As some of the people on this website are unable to manage face-to-face relationships, we're unable to get on in life: evolution has ensured that NTs consider those of us who don't do eye contact can be a little shifty.
That's the thing. Eye contact is so simple. Just look at people as if they're objects, or inbetween their eyes. I don't understand how that's hard. Having said that, I've never had a problem with eye contact. I think eyes are beautiful.
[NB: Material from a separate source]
(* Consider the model described in the context and suppose the Lipschitz assumption holds. Let $z_1(x)=\mathbb P(x_1=x)$, $x\in\mathcal X$. For $t\in\mathbb N_T$ let $\psi_t(z)\in\mathcal G$ be any minimizer of the right-hand side of $\hat V_t(z)=\min_{\gamma\in\mathcal G}\big(\hat c_t(z,\gamma)+\hat V_{t+1}(\hat f_t(z,\gamma))\big)$, and define the deterministic sequence $z_{t+1}=\hat f_t(z_t,\psi_t(z_t))$. Define the fully decentralized strategy $\mathbf g=\{g_t\}_{t=1}^T$ in which every agent $i$ uses $u^i_t=g_t(x^i_t)$ with $$g_t(x):=\psi_t(z_t)(x),\qquad x\in\mathcal X,\ t\in\mathbb N_T.$$ Then $|J(\mathbf g)-J^\ast|\le \epsilon(n)$ for some $\epsilon(n)\in\mathcal O(1/\sqrt n)$.
   Context: Fix $n\in\mathbb N$ agents, a horizon $T\in\mathbb N$, and finite sets $\mathcal X$ (states), $\mathcal U$ (actions), $\mathcal W$ (noises); $\mathbb N_k=\{1,\dots,k\}$. Let $\mathcal I(\mathcal X)=[0,1]^{\mathcal X}$, $\Delta(\mathcal X)$ the set of probability vectors on $\mathcal X$, and $\mathcal M_n=\{m\in\Delta(\mathcal X): m(x)\in\{0,\tfrac1n,\dots,1\}\ \forall x\}$. Agent $i\in\mathbb N_n$ has state $x^i_t\in\mathcal X$ and action $u^i_t\in\mathcal U$ at time $t\in\mathbb N_T$; the mean-field is $m_t(x)=\frac1n\sum_{i=1}^n\mathbb 1(x^i_t=x)$. Dynamics: $x^i_{t+1}=f_t(x^i_t,u^i_t,w^i_t,m_t)$ with $f_t:\mathcal X\times\mathcal U\times\mathcal W\times\mathcal I(\mathcal X)\to\mathcal X$. The initial states $x^1_1,\dots,x^n_1$ are i.i.d. with law $\mathbb P(x_1=\cdot)$; for each $t$, $w^1_t,\dots,w^n_t$ are i.i.d. with common law $\mathbb P(w_t=\cdot)$; initial states and all noises are mutually independent. Transition probabilities: $\mathbb P(y\mid x,u,z)=\sum_{w\in\mathcal W}\mathbb 1(f_t(x,u,w,z)=y)\,\mathbb P(w_t=w)$ for $z\in\mathcal I(\mathcal X)$. Costs $\ell_t:\mathcal X\times\mathcal U\times\mathcal I(\mathcal X)\to\mathbb R_{\ge0}$. Lipschitz assumption: there are constants $K^1_t,K^2_t>0$ with $|\mathbb P(y|x,u,z_1)-\mathbb P(y|x,u,z_2)|\le K^1_t\|z_1-z_2\|_\infty$ and $|\ell_t(x,u,z_1)-\ell_t(x,u,z_2)|\le K^2_t\|z_1-z_2\|_\infty$ for all $x,y\in\mathcal X,u\in\mathcal U,z_1,z_2\in\mathcal I(\mathcal X)$. For a strategy, its cost is $J=\mathbb E\big[\sum_{t=1}^T\frac1n\sum_{i=1}^n\ell_t(x^i_t,u^i_t,m_t)\big]$. $J^\ast$ is the optimal cost over mean-field sharing strategies, i.e. strategies of the form $u^i_t=g_t(x^i_t,m_t)$ with $g_t:\mathcal X\times\mathcal M_n\to\mathcal U$ common to all agents. $\mathcal G$ is the finite set of all maps $\gamma:\mathcal X\to\mathcal U$. For $z\in\mathcal I(\mathcal X)$, $\gamma\in\mathcal G$: $\hat f_t(z,\gamma)(y)=\sum_{x}z(x)\mathbb P(y|x,\gamma(x),z)$ and $\hat c_t(z,\gamma)=\sum_x z(x)\ell_t(x,\gamma(x),z)$. The functions $\hat V_t:\Delta(\mathcal X)\to\mathbb R$ are defined by $\hat V_{T+1}\equiv0$ and $\hat V_t(z)=\min_{\gamma\in\mathcal G}\big(\hat c_t(z,\gamma)+\hat V_{t+1}(\hat f_t(z,\gamma))\big)$ for $t=T,\dots,1$. All model data ($T,\mathcal X,\mathcal U,\mathcal W,f_t,\ell_t$, the laws of initial states and noises) do not depend on $n$; $\mathcal O(1/\sqrt n)$ denotes a quantity bounded by $C/\sqrt n$ with $C$ independent of $n$. *)

theory Defs
  imports "HOL-Probability.Probability"
begin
It can't just be eye contact, surely. More answers, please.
Mindslave
Veteran
Joined: 14 Nov 2010
Age: 36
Gender: Male
Posts: 2,034
Location: Where the wild things wish they were
Knowing how people work is only half the battle (well, actually it's less, more like 10 percent) The other half is putting it into practice, and actually wanting to do so. I do get a sense that you want to start a fight of some sort (What are you doing on here? Are you hypocrites in real life? You THINK you know how people work) maybe because you don't know what you are doing, or because you are jealous or whatnot. The best advice is to put yourself out there and see what happens, because it's the only way to learn about it, and the only way anyone ever has. Heck, for that matter it's the only way to learn anything about anything. So, to answer your questions:
What am I doing on here? I joined at the end of last year, and I have Asperger's...so yeah.
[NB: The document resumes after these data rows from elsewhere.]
lemma rack_rel_subgroup_add:
  "a \<in> rack_rel_subgroup \<Longrightarrow> b \<in> rack_rel_subgroup \<Longrightarrow> a + b \<in> rack_rel_subgroup"
  using subgroup.m_closed[OF subgroup_rack_rel_subgroup] by (simp add: free_racks_def)

lemma rack_rel_subgroup_uminus: "a \<in> rack_rel_subgroup \<Longrightarrow> - a \<in> rack_rel_subgroup"
  using subgroup.m_inv_closed[OF subgroup_rack_rel_subgroup, of a] subgroup.subset[OF subgroup_rack_rel_subgroup]
  by (auto simp: free_racks_def)

lemma rack_iso_in_rack_rel_subgroup:
  assumes "X \<in> finite_racks" "Y \<in> finite_racks" "rack_iso X Y"
  shows "frag_of X - frag_of Y \<in> rack_rel_subgroup"
  unfolding rack_rel_subgroup_def rack_relations_def
  by (intro generate.incl UnI1) (use assms in blast)

lemma rack_decomp_in_rack_rel_subgroup:
  assumes "(R, op) \<in> finite_racks" "rack_decomp R op S T"
  shows "frag_of (R, op) - frag_of (S, op) - frag_of (T, op) \<in> rack_rel_subgroup"
  unfolding rack_rel_subgroup_def rack_relations_def
  by (intro generate.incl UnI2) (use assms in blast)

lemma crossed_relations_subset_carrier: "crossed_relations G \<subseteq> carrier (free_crossed G)"
proof
  fix r assume "r \<in> crossed_relations G"
  then show "r \<in> carrier (free_crossed G)"
  proof (unfold crossed_relations_def, elim UnE CollectE exE conjE)
    fix A B assume "r = frag_of A - frag_of B" "A \<in> crossed_sets G" "B \<in> crossed_sets G"
    then have "Poly_Mapping.keys r \<subseteq> crossed_sets G"
      using keys_diff[of "frag_of A" "frag_of B"] unfolding keys_frag_of by blast
    then show ?thesis by (simp add: free_crossed_def)
  next
    fix A Y Z assume r: "r = frag_of A - frag_of (crossed_restrict A Y) - frag_of (crossed_restrict A Z)"
      and A: "A \<in> crossed_sets G" and decomp: "crossed_decomp G A Y Z"
    obtain X act \<delta> where A_eq: "A = (X, act, \<delta>)" by (cases A)
    have invariant: "\<forall>g\<in>carrier G. act g ` Y \<subseteq> Y" "\<forall>g\<in>carrier G. act g ` Z \<subseteq> Z"
      and "Y \<subseteq> X" "Z \<subseteq> X"
      using decomp unfolding A_eq crossed_decomp_def prod.case by blast+
    then have "crossed_restrict A Y \<in> crossed_sets G" "crossed_restrict A Z \<in> crossed_sets G"
      using A crossed_restrict_crossed_sets[of X act \<delta> G] unfolding A_eq by simp_all
    moreover have "Poly_Mapping.keys r \<subseteq> {A, crossed_restrict A Y, crossed_restrict A Z}"
      using r keys_diff[of "frag_of A - frag_of (crossed_restrict A Y)" "frag_of (crossed_restrict A Z)"]
        keys_diff[of "frag_of A" "frag_of (crossed_restrict A Y)"] unfolding keys_frag_of by blast
    ultimately have "Poly_Mapping.keys r \<subseteq> crossed_sets G" using A by blast
    then show ?thesis by (simp add: free_crossed_def)
  qed
qed
lemma dup_wins_overlap_short_left:
  assumes game: "dup_wins (Suc (Suc n)) w v A B" and t: "sublist t w" "length t \<le> Suc (Suc n)"
    and m: "sublist m w"
    and q: "valid_pos (length A) qx" "valid_pos (length A) qy" "valid_pos (length A) qc"
    and "pval w A qx = Some (t @ m)" "pval w A qy = Some (m @ c)" "pval w A qc = Some c"
    and "pval v B qc = Some c'"
  shows "\<exists>m'. pval v B qx = Some (t @ m') \<and> pval v B qy = Some (m' @ c')"
proof -
  have len: "length A = length B"
    using game by (rule dup_wins_length)
  obtain m' where game': "dup_wins n w v (A @ [Some t, Some m]) (B @ [Some t, Some m'])"
    using dup_wins_pick_factor[OF dup_wins_pick_short_factor[OF game t] m] by auto
  have "pval v (B @ [Some t, Some m']) qx = Some (t @ m')"
    by (rule dup_wins_concat[OF game', of qx "Chosen (length A)" "Chosen (Suc (length A))"])
      (use assms len in \<open>simp_all add: pval_append nth_append\<close>)
  moreover have "pval v (B @ [Some t, Some m']) qy = Some (m' @ c')"
    by (rule dup_wins_concat[OF game', of qy "Chosen (Suc (length A))" qc])
      (use assms len in \<open>simp_all add: pval_append nth_append\<close>)
  ultimately show ?thesis
    using q len by (auto simp: pval_append)
qed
What use is this forum to me? Most of the time, people here have interesting things to say. Because there are interesting people with interesting things to say (aside from the whiners and the people you describe, and I know some of the people you mean) it helps me think of interesting things to say. That's good because it helps keep my writing skills sharp.
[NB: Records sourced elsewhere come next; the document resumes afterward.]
(* Let $P$ be a finite poset, $R$ a commutative unital ring, and $D$ a derivation of $I^3(P,R)$. Then for all $x\in P$, $$D(e_x)=\sum_{v\in P,\ x<v}D(e_x)(x,x,v)\,e_{xxv}+\sum_{u\in P,\ u<x}D(e_x)(u,x,x)\,e_{uxx}.$$
   Context: For a finite poset $P$, $P^3_\le=\{(x,y,z)\in P^3: x\le y\le z\}$, and $I^3(P,R)$ is the $R$-module of functions $f:P^3_\le\to R$ with multiplication $(fg)(x_1,x_2,x_3)=\sum f(x_1,y_1,y_2)g(y_1,y_2,x_3)$ over all $x_1\le y_1\le x_2\le y_2\le x_3$. For $x\le y\le z$, $e_{xyz}$ is the function equal to $1$ at $(x,y,z)$ and $0$ elsewhere, and $e_x:=e_{xxx}$. A derivation is an $R$-linear map $D:I^3(P,R)\to I^3(P,R)$ with $D(fg)=D(f)g+fD(g)$. *)

theory Defs
  imports Main
begin

text \<open>The finite poset P is the type 'a of class order and finite.
  Elements of I^3(P,R) are functions 'a => 'a => 'a => 'r that vanish
  outside P^3_le = {(x,y,z). x <= y <= z}.\<close>

definition I3 :: "('a::{order,finite} \<Rightarrow> 'a \<Rightarrow> 'a \<Rightarrow> 'r::comm_ring_1) set" where
  "I3 = {f. \<forall>x y z. \<not> (x \<le> y \<and> y \<le> z) \<longrightarrow> f x y z = 0}"

definition mult3 ::
  "('a::{order,finite} \<Rightarrow> 'a \<Rightarrow> 'a \<Rightarrow> 'r::comm_ring_1) \<Rightarrow> ('a \<Rightarrow> 'a \<Rightarrow> 'a \<Rightarrow> 'r) \<Rightarrow> ('a \<Rightarrow> 'a \<Rightarrow> 'a \<Rightarrow> 'r)" where
  "mult3 f g = (\<lambda>x1 x2 x3. if x1 \<le> x2 \<and> x2 \<le> x3 then
      (\<Sum>(y1, y2) \<in> {(y1, y2). x1 \<le> y1 \<and> y1 \<le> x2 \<and> x2 \<le> y2 \<and> y2 \<le> x3}.
         f x1 y1 y2 * g y1 y2 x3)
    else 0)"

definition e3 :: "'a::{order,finite} \<Rightarrow> 'a \<Rightarrow> 'a \<Rightarrow> ('a \<Rightarrow> 'a \<Rightarrow> 'a \<Rightarrow> 'r::comm_ring_1)" where
  "e3 x y z = (\<lambda>a b c. if a = x \<and> b = y \<and> c = z then 1 else 0)"

definition e1 :: "'a::{order,finite} \<Rightarrow> ('a \<Rightarrow> 'a \<Rightarrow> 'a \<Rightarrow> 'r::comm_ring_1)" where
  "e1 x = e3 x x x"

definition derivation3 ::
  "(('a::{order,finite} \<Rightarrow> 'a \<Rightarrow> 'a \<Rightarrow> 'r::comm_ring_1) \<Rightarrow> ('a \<Rightarrow> 'a \<Rightarrow> 'a \<Rightarrow> 'r)) \<Rightarrow> bool" where
  "derivation3 D \<longleftrightarrow>
     (\<forall>f \<in> I3. D f \<in> I3) \<and>
     (\<forall>f \<in> I3. \<forall>g \<in> I3. D (\<lambda>x y z. f x y z + g x y z) = (\<lambda>x y z. D f x y z + D g x y z)) \<and>
     (\<forall>r. \<forall>f \<in> I3. D (\<lambda>x y z. r * f x y z) = (\<lambda>x y z. r * D f x y z)) \<and>
     (\<forall>f \<in> I3. \<forall>g \<in> I3. D (mult3 f g) = (\<lambda>x y z. mult3 (D f) g x y z + mult3 f (D g) x y z))"

end

theory Submission
  imports Defs
begin

text \<open>Since \<open>e\<^sub>x\<close> is idempotent, the Leibniz rule gives \<open>d = d e\<^sub>x + e\<^sub>x d\<close> for
  \<open>d = D(e\<^sub>x)\<close>. Right multiplication by \<open>e\<^sub>x\<close> keeps only the entries \<open>d(u,x,x)\<close> and left
  multiplication only the entries \<open>d(x,x,v)\<close>, so \<open>d\<close> is supported on these triples; at
  \<open>(x,x,x)\<close> the identity reads \<open>d(x,x,x) = 2 d(x,x,x)\<close>, hence that entry vanishes.\<close>

lemma e1_in_I3: "(e1 x :: 'a::{order,finite} \<Rightarrow> 'a \<Rightarrow> 'a \<Rightarrow> 'r::comm_ring_1) \<in> I3"
  by (auto simp: I3_def e1_def e3_def)

lemma mult3_e1_right:
  fixes f :: "'a::{order,finite} \<Rightarrow> 'a \<Rightarrow> 'a \<Rightarrow> 'r::comm_ring_1"
  shows "mult3 f (e1 x) a b c = (if a \<le> b \<and> b = x \<and> c = x then f a x x else 0)"
proof -
  let ?S = "{(y1, y2). a \<le> y1 \<and> y1 \<le> b \<and> b \<le> y2 \<and> y2 \<le> c}"
  have "(\<Sum>(y1, y2) \<in> ?S. f a y1 y2 * e1 x y1 y2 c)
      = (\<Sum>p \<in> ?S. if p = (x, x) then (if c = x then f a x x else 0) else 0)"
    by (rule sum.cong) (auto simp: e1_def e3_def split: if_splits)
  also have "\<dots> = (if (x, x) \<in> ?S then (if c = x then f a x x else 0) else 0)"
    by (simp only: sum.delta finite)
  finally show ?thesis
    unfolding mult3_def using order_antisym by auto
qed

lemma mult3_e1_left:
  fixes f :: "'a::{order,finite} \<Rightarrow> 'a \<Rightarrow> 'a \<Rightarrow> 'r::comm_ring_1"
  shows "mult3 (e1 x) f a b c = (if b \<le> c \<and> a = x \<and> b = x then f x x c else 0)"
proof -
  let ?S = "{(y1, y2). a \<le> y1 \<and> y1 \<le> b \<and> b \<le> y2 \<and> y2 \<le> c}"
  have "(\<Sum>(y1, y2) \<in> ?S. e1 x a y1 y2 * f y1 y2 c)
      = (\<Sum>p \<in> ?S. if p = (x, x) then (if a = x then f x x c else 0) else 0)"
    by (rule sum.cong) (auto simp: e1_def e3_def split: if_splits)
  also have "\<dots> = (if (x, x) \<in> ?S then (if a = x then f x x c else 0) else 0)"
    by (simp only: sum.delta finite)
  finally show ?thesis
    unfolding mult3_def using order_antisym by auto
qed

lemma mult3_e1_idem: "mult3 (e1 x) (e1 x) = (e1 x :: 'a::{order,finite} \<Rightarrow> 'a \<Rightarrow> 'a \<Rightarrow> 'r::comm_ring_1)"
  by (simp add: fun_eq_iff mult3_e1_left) (auto simp: e1_def e3_def)

lemma derivation3_idempotent_eq:
  assumes "derivation3 D" and "e \<in> I3" and "mult3 e e = e"
  shows "D e = (\<lambda>a b c. mult3 (D e) e a b c + mult3 e (D e) a b c)"
  using assms unfolding derivation3_def by metis

lemma sum_e3_last:
  fixes g :: "'a::{order,finite} \<Rightarrow> 'r::comm_ring_1"
  shows "(\<Sum>v \<in> S. g v * e3 p q v a b c) = (if a = p \<and> b = q \<and> c \<in> S then g c else 0)"
proof -
  have "(\<Sum>v \<in> S. g v * e3 p q v a b c) = (\<Sum>v \<in> S. if v = c then (if a = p \<and> b = q then g c else 0) else 0)"
    by (rule sum.cong) (auto simp: e3_def)
  then show ?thesis
    by (simp add: sum.delta)
qed

lemma sum_e3_first:
  fixes g :: "'a::{order,finite} \<Rightarrow> 'r::comm_ring_1"
  shows "(\<Sum>u \<in> S. g u * e3 u q r a b c) = (if a \<in> S \<and> b = q \<and> c = r then g a else 0)"
proof -
  have "(\<Sum>u \<in> S. g u * e3 u q r a b c) = (\<Sum>u \<in> S. if u = a then (if b = q \<and> c = r then g a else 0) else 0)"
    by (rule sum.cong) (auto simp: e3_def)
  then show ?thesis
    by (auto simp: sum.delta)
qed

lemma Peirce_off_diagonal_e1:
  fixes d :: "'a::{order,finite} \<Rightarrow> 'a \<Rightarrow> 'a \<Rightarrow> 'r::comm_ring_1"
  assumes "d \<in> I3" and "d = (\<lambda>a b c. mult3 d (e1 x) a b c + mult3 (e1 x) d a b c)"
  shows "d a b c = (if a = x \<and> b = x \<and> x < c then d x x c else 0)
                 + (if a < x \<and> b = x \<and> c = x then d a x x else 0)"
proof -
  have entry: "d a b c = (if a \<le> b \<and> b = x \<and> c = x then d a x x else 0)
                       + (if b \<le> c \<and> a = x \<and> b = x then d x x c else 0)" for a b c
    by (subst assms(2)) (simp add: mult3_e1_right mult3_e1_left)
  have "d a b c = 0" if "b \<noteq> x \<or> a \<noteq> x \<and> c \<noteq> x"
    using entry[of a b c] that by auto
  moreover have "d x x x = 0"
    using entry[of x x x] by simp
  moreover have "d a b c = 0" if "\<not> (a \<le> b \<and> b \<le> c)"
    using assms(1) that unfolding I3_def by blast
  ultimately show ?thesis
    by (auto simp: less_le)
qed

theorem lemma4p1:
  fixes D :: "('a::{order,finite} \<Rightarrow> 'a \<Rightarrow> 'a \<Rightarrow> 'r::comm_ring_1) \<Rightarrow> ('a \<Rightarrow> 'a \<Rightarrow> 'a \<Rightarrow> 'r)"
    and x :: 'a
  assumes "derivation3 D"
  shows "D (e1 x) = (\<lambda>a b c.
           (\<Sum>v \<in> {v. x < v}. D (e1 x) x x v * e3 x x v a b c)
         + (\<Sum>u \<in> {u. u < x}. D (e1 x) u x x * e3 u x x a b c))"
proof (intro ext)
  fix a b c
  have "D (e1 x) \<in> I3"
    using assms e1_in_I3 unfolding derivation3_def by blast
  moreover have "D (e1 x) = (\<lambda>a b c. mult3 (D (e1 x)) (e1 x) a b c + mult3 (e1 x) (D (e1 x)) a b c)"
    using derivation3_idempotent_eq[OF assms e1_in_I3 mult3_e1_idem] .
  ultimately show "D (e1 x) a b c = (\<Sum>v \<in> {v. x < v}. D (e1 x) x x v * e3 x x v a b c)
         + (\<Sum>u \<in> {u. u < x}. D (e1 x) u x x * e3 u x x a b c)"
    unfolding sum_e3_last sum_e3_first mem_Collect_eq by (rule Peirce_off_diagonal_e1)
qed

end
Do I go on here when I'm feeling down, or do I like offering advice? I go on here when I'm bored. I have an Internet addiction, and I get bored easily. I do give advice (against my better judgment sometimes, but we all do that) and when I care about what I'm saying, the purpose is to offer a different point of view. When I don't care about what I'm saying, the purpose is to make myself look good, and obviously that's only going to make me look bad. But hey, at least I don't delude myself. I'm as guilty as most people with that sort of thing.
Do I contradict myself IRL? Of course I do! Everyone does! Generally speaking, I don't, but I do contradict myself all the time. In fact, the less I'm worried about others, the more I can be consistent, not just because I'm focusing on me, but because I can't contradict my advice since I'm not giving any. Hah! BOOYAH!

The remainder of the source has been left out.